Карие глаза смотрят на меня из комнаты в тёплых лесных оттенках. Богатые оттенки золотого и коричневого, жёлтого и красного украшают стены. Высоко над головой висят замысловатые фигуры. Некоторые стены увешаны красочными племенными масками.
Чёрт. Где я? Кэт…
— Она в порядке, — произносит чей — то голос, и я снова возвращаюсь к владельцу карих глаз. Они принадлежат женщине. На вид она средних лет, но я не могу сказать наверняка. В её взгляде пляшут веселье и молодость, что противоречит морщинкам возле рта и бровей.
Лицо у неё красновато — коричневое, а нос внушительно — орлиный. Она скорее красива, чем хороша собой, но её манеры указывают на врождённую мягкость, которая добавляет тепла её точёному лицу.
Она старается больше не прикасаться ко мне, и я знаю, что женщина понимает, в каком я сейчас состоянии. Может, она слышит мои мысли?
Словно по сигналу, она говорит:
— Ты произносил её имя во сне. Кэт скоро вернётся. Ушла принести тебе ещё воды. Нам пришлось заставлять тебя пить, когда ты приходил в себя. Ты был сильно обезвожен. — Она приподнимает бровь, одаривая меня весёлой улыбкой.
Я осторожно сажусь, стараясь вспомнить что — то из этого: хоть что — то… но мой мозг ощущается пустым, а подсознание не находит ни одной ниточки, за которую можно было бы ухватиться. Всё, что мне известно, это что Кэт в безопасности. Она здесь. Но где это «здесь»?
— Ты у меня в доме. Проспал весь день, — произносит женщина, снова удивляя меня. — Мой сын, Вихо, нашел тебя недалеко отсюда. Они с друзьями принесли тебя сюда. Юное безрассудство принесло пользу на этот раз, — она усмехается и качает головой с копной чёрных как смоль волос. — Хотя, может быть, не в твоем случае.
Она делает паузу и выжидательно смотрит на меня. Я же сижу, совершенно не понимая, чего она от меня хочет.
— Э…Тре — Тревор, — наконец отвечаю, коротко заикаясь. — Меня зовут Тревор.
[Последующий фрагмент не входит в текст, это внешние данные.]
definition adjoint_mat :: "complex^'n^'n \<Rightarrow> complex^'n^'n" where
  "adjoint_mat A = (\<chi> i j. cnj (A $ j $ i))"

definition hermitian_mat :: "complex^'n^'n \<Rightarrow> bool" where
  "hermitian_mat A \<longleftrightarrow> adjoint_mat A = A"

text \<open>A state: positive semidefinite Hermitian matrix (trace not normalized).\<close>
definition is_state :: "complex^'n^'n \<Rightarrow> bool" where
  "is_state A \<longleftrightarrow> hermitian_mat A \<and>
     (\<forall>x :: complex^'n. 0 \<le> Re (\<Sum>i\<in>UNIV. \<Sum>j\<in>UNIV. cnj (x $ i) * A $ i $ j * x $ j))"

definition orth_proj :: "complex^'n^'n \<Rightarrow> bool" where
  "orth_proj P \<longleftrightarrow> P ** P = P \<and> adjoint_mat P = P"

definition perp :: "complex^'n^'n \<Rightarrow> complex^'n^'n" where
  "perp W = mat 1 - W"

definition compression :: "complex^'n^'n \<Rightarrow> (complex^'n^'n) set" where
  "compression W = {W ** X ** W | X. True}"

definition is_decomp :: "complex^('k\<times>'m)^('k\<times>'m) \<Rightarrow> ((complex^'k^'k) \<times> (complex^'m^'m)) list \<Rightarrow> bool" where
  "is_decomp \<gamma> ds \<longleftrightarrow> \<gamma> = sum_list (map (\<lambda>(A, B). kron A B) ds)"

definition G_map :: "complex^('k\<times>'m)^('k\<times>'m) \<Rightarrow> complex^'k^'k \<Rightarrow> complex^'m^'m" where
  "G_map \<gamma> X = (let ds = (SOME ds. is_decomp \<gamma> ds) in
     sum_list (map (\<lambda>(A, B). (\<chi> i j. trace (A ** X) * B $ i $ j)) ds))"

definition F_map :: "complex^('k\<times>'m)^('k\<times>'m) \<Rightarrow> complex^'m^'m \<Rightarrow> complex^'k^'k" where
  "F_map \<gamma> Y = (let ds = (SOME ds. is_decomp \<gamma> ds) in
     sum_list (map (\<lambda>(A, B). (\<chi> i j. trace (B ** Y) * A $ i $ j)) ds))"

end

theory Submission
  imports Defs
begin

text \<open>
  Write the state as a Gram sum \<open>\<gamma> = \<Sum>\<^sub>r |v\<^sub>r\<rangle>\<langle>v\<^sub>r|\<close> (Cholesky elimination). If
  \<open>tr (\<gamma> (P \<otimes> Q)) = 0\<close> for projections \<open>P\<close>, \<open>Q\<close>, then every \<open>v\<^sub>r\<close> is killed by \<open>P \<otimes> Q\<close>, so
  \<open>\<gamma>\<close> annihilates \<open>P \<otimes> Q\<close> from both sides.

  If the traces in the theorem vanish, then compressing \<open>\<gamma>\<close> by \<open>W \<otimes> 1\<close> or by \<open>1 \<otimes> V\<close>
  gives the same matrix \<open>(W \<otimes> V) \<gamma> (W \<otimes> V)\<close>; hence \<open>G\<^sub>\<gamma>\<close> maps \<open>W M\<^sub>k W\<close> into \<open>V M\<^sub>m V\<close>
  and \<open>F\<^sub>\<gamma>\<close> maps \<open>V M\<^sub>m V\<close> into \<open>W M\<^sub>k W\<close>.

  Conversely, \<open>F\<^sub>\<gamma>(G\<^sub>\<gamma>(W)) \<in> W M\<^sub>k W\<close> gives \<open>tr (\<gamma> (W\<^sup>\<perp> \<otimes> G\<^sub>\<gamma>(W))) = 0\<close>. Now
  \<open>G\<^sub>\<gamma>(W)\<close> is the Gram sum of the slices \<open>(\<langle>w\<^sub>l| \<otimes> 1) v\<^sub>r\<close>, \<open>w\<^sub>l\<close> the columns of \<open>W\<close>, so
  the vectors \<open>v\<^sub>r\<close> are orthogonal to \<open>W\<^sup>\<perp>\<close> tensored with these slices. The projection
  \<open>V\<close> onto the span of the slices (Gram--Schmidt) then satisfies
  \<open>(W \<otimes> V\<^sup>\<perp>) v\<^sub>r = 0 = (W\<^sup>\<perp> \<otimes> V) v\<^sub>r\<close>.
\<close>

section \<open>Inner products and rank-one matrices\<close>

definition cinner :: "complex^'n \<Rightarrow> complex^'n \<Rightarrow> complex" where
  "cinner x y = (\<Sum>i\<in>UNIV. cnj (x$i) * y$i)"
lemma card_eq_power_css_k_mult_card_dual:
  fixes C :: "('n::finite \<Rightarrow> bit) set"
  assumes "linear_code C" and "dual C \<subseteq> C"
  shows "card C = 2 ^ css_k C C * card (dual C)"
proof -
  have "card (dual C) \<le> card C"
    using assms(2) by (simp add: card_mono)
  then have "CARD('n) - code_dim C \<le> code_dim C"
    using card_code_eq_power [OF assms(1)] card_dual_eq_power [OF assms(1)] by simp
  then have "code_dim C = css_k C C + (CARD('n) - code_dim C)"
    using card_code_eq_power(2) [OF assms(1)] by (simp add: css_k_def)
  then show ?thesis
    using card_code_eq_power(1) [OF assms(1)] card_dual_eq_power [OF assms(1)]
    by (metis power_add)
qed

subsection \<open>Orthonormal rows as a mapping matrix\<close>

definition orthonormal_rows :: "nat \<Rightarrow> (nat \<Rightarrow> 'n::finite \<Rightarrow> bit) \<Rightarrow> bool" where
  "orthonormal_rows k A \<longleftrightarrow> (\<forall>i<k. \<forall>j<k. dot (A i) (A j) = (if i = j then 1 else 0))"

lemma dot_enc_row:
  assumes "orthonormal_rows k A" and "j < k"
  shows "dot (enc A k \<psi>) (A j) = \<psi> j"
proof -
  have "dot (enc A k \<psi>) (A j) = (\<Sum>i<k. \<psi> i * dot (A i) (A j))"
    by (simp add: enc_def dot_sum_left dot_smul_left)
  also have "\<dots> = (\<Sum>i<k. if i = j then \<psi> j else 0)"
    using assms by (intro sum.cong) (auto simp: orthonormal_rows_def)
  finally show ?thesis
    using assms(2) by simp
qed

lemma enc_in_dual_imp_eq_0:
  assumes "orthonormal_rows k A" and "\<And>i. i < k \<Longrightarrow> A i \<in> Cb"
    and "enc A k \<psi> \<in> dual Cb" and "j < k"
  shows "\<psi> j = 0"
  using assms dot_enc_row [OF assms(1,4), of \<psi>] by (auto simp: dual_def)

lemma inj_on_enc_add_dual:
  assumes "orthonormal_rows k A" and "\<And>i. i < k \<Longrightarrow> A i \<in> Cb"
  shows "inj_on (\<lambda>(\<psi>, z). enc A k \<psi> + z) (({..<k} \<rightarrow>\<^sub>E UNIV) \<times> dual Cb)"
proof (rule inj_onI, clarify)
  fix \<psi> z \<psi>' z'
  assume \<psi>: "\<psi> \<in> ({..<k} \<rightarrow>\<^sub>E UNIV)" "\<psi>' \<in> ({..<k} \<rightarrow>\<^sub>E UNIV)"
    and z: "z \<in> dual Cb" "z' \<in> dual Cb" and eq: "enc A k \<psi> + z = enc A k \<psi>' + z'"
  have "enc A k (\<psi> + \<psi>') = z + z'"
    using vec_add_eq_swap [OF eq] by (simp add: enc_add)
  then have "enc A k (\<psi> + \<psi>') \<in> dual Cb"
    using dual_add [OF z] by simp
  then have "(\<psi> + \<psi>') j = 0" if "j < k" for j
    using enc_in_dual_imp_eq_0 [OF assms _ that] by blast
  then have "\<psi> j = \<psi>' j" if "j < k" for j
    using that by simp
  with \<psi> have "\<psi> = \<psi>'"
    by (intro PiE_ext) auto
  with eq show "\<psi> = \<psi>' \<and> z = z'"
    by simp
qed

text \<open>The cosets \<open>enc A k \<psi> + Cb^\<bottom>\<close> are pairwise disjoint and lie in Ca; by counting they cover it.\<close>

lemma ex_enc_add_in_dual:
  assumes lin: "linear_code Ca" and dual_sub: "dual Cb \<subseteq> Ca"
    and ortho: "orthonormal_rows k A"
    and rows_Ca: "\<And>i. i < k \<Longrightarrow> A i \<in> Ca" and rows_Cb: "\<And>i. i < k \<Longrightarrow> A i \<in> Cb"
    and card: "card Ca = 2 ^ k * card (dual Cb)" and x: "x \<in> Ca"
  shows "\<exists>\<psi>. x + enc A k \<psi> \<in> dual Cb"
proof -
  let ?D = "({..<k} \<rightarrow>\<^sub>E (UNIV :: bit set)) \<times> dual Cb"
  let ?f = "\<lambda>(\<psi>, z). enc A k \<psi> + z"
  have image_sub: "?f ` ?D \<subseteq> Ca"
  proof clarify
    fix \<psi> z
    assume "z \<in> dual Cb"
    with dual_sub rows_Ca show "enc A k \<psi> + z \<in> Ca"
      by (intro linear_code_add [OF lin] enc_in_code [OF lin]) auto
  qed
  have "card (?f ` ?D) = card ?D"
    by (intro card_image inj_on_enc_add_dual ortho rows_Cb)
  also have "\<dots> = card Ca"
    using card by (simp add: card_cartesian_product card_PiE card_bit)
  finally have "?f ` ?D = Ca"
    by (rule card_subset_eq [OF finite image_sub])
  with x have "x \<in> ?f ` ?D"
    by simp
  then obtain \<psi> z where z: "z \<in> dual Cb" and x_eq: "x = enc A k \<psi> + z"
    by auto
  have "x + enc A k \<psi> = z"
    unfolding vec_add_eq_iff by (rule x_eq)
  with z show ?thesis
    by blast
qed

lemma is_mapping_matrix_of_card:
  assumes "linear_code Ca" and "dual Cb \<subseteq> Ca" and "orthonormal_rows k A"
    and "\<And>i. i < k \<Longrightarrow> A i \<in> Ca" and "\<And>i. i < k \<Longrightarrow> A i \<in> Cb"
    and "card Ca = 2 ^ k * card (dual Cb)"
  shows "is_mapping_matrix Ca Cb k A"
  unfolding is_mapping_matrix_def
proof (intro conjI allI impI ballI)
  show "A i \<in> Ca" if "i < k" for i
    using assms(4) [OF that] .
  show "\<psi> i = 0" if "enc A k \<psi> \<in> dual Cb" and "i < k" for \<psi> i
    using enc_in_dual_imp_eq_0 [OF assms(3,5) that] .
  show "\<exists>\<psi>. x + enc A k \<psi> \<in> dual Cb" if "x \<in> Ca" for x
    using ex_enc_add_in_dual [OF assms that] .
qed

lemma sum_lessThan_eq_enc_add:
  "k \<le> m \<Longrightarrow> (\<Sum>i<m. smul (a i) (G i)) = enc G k a + (\<Sum>i\<in>{k..<m}. smul (a i) (G i))"
  unfolding enc_def
  using sum.atLeastLessThan_concat [of 0 k m "\<lambda>i. smul (a i) (G i)"] by (simp add: atLeast0LessThan)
— Ну, Тревор, — лукаво улыбается женщина. — Очень приятно с тобой познакомиться. Меня зовут Ама.
Это такое простое имя, но она произносит его так красиво, что я просто очарован. Ама. Мне сразу же оно нравится, но внезапно наш диалог переключается.
— Ты готов помыться? Вода сейчас как раз отличная и горячая. У нас нет водопровода, но огонь прекрасно справляется с нагреванием.
Мой мозг отвлекается от всего, что говорит Ама. Я слышу только слово «помыться». Широко распахиваю глаза и начинаю привставать:
— Помыться? Эм, мэм… мисс Ама, я очень ценю это…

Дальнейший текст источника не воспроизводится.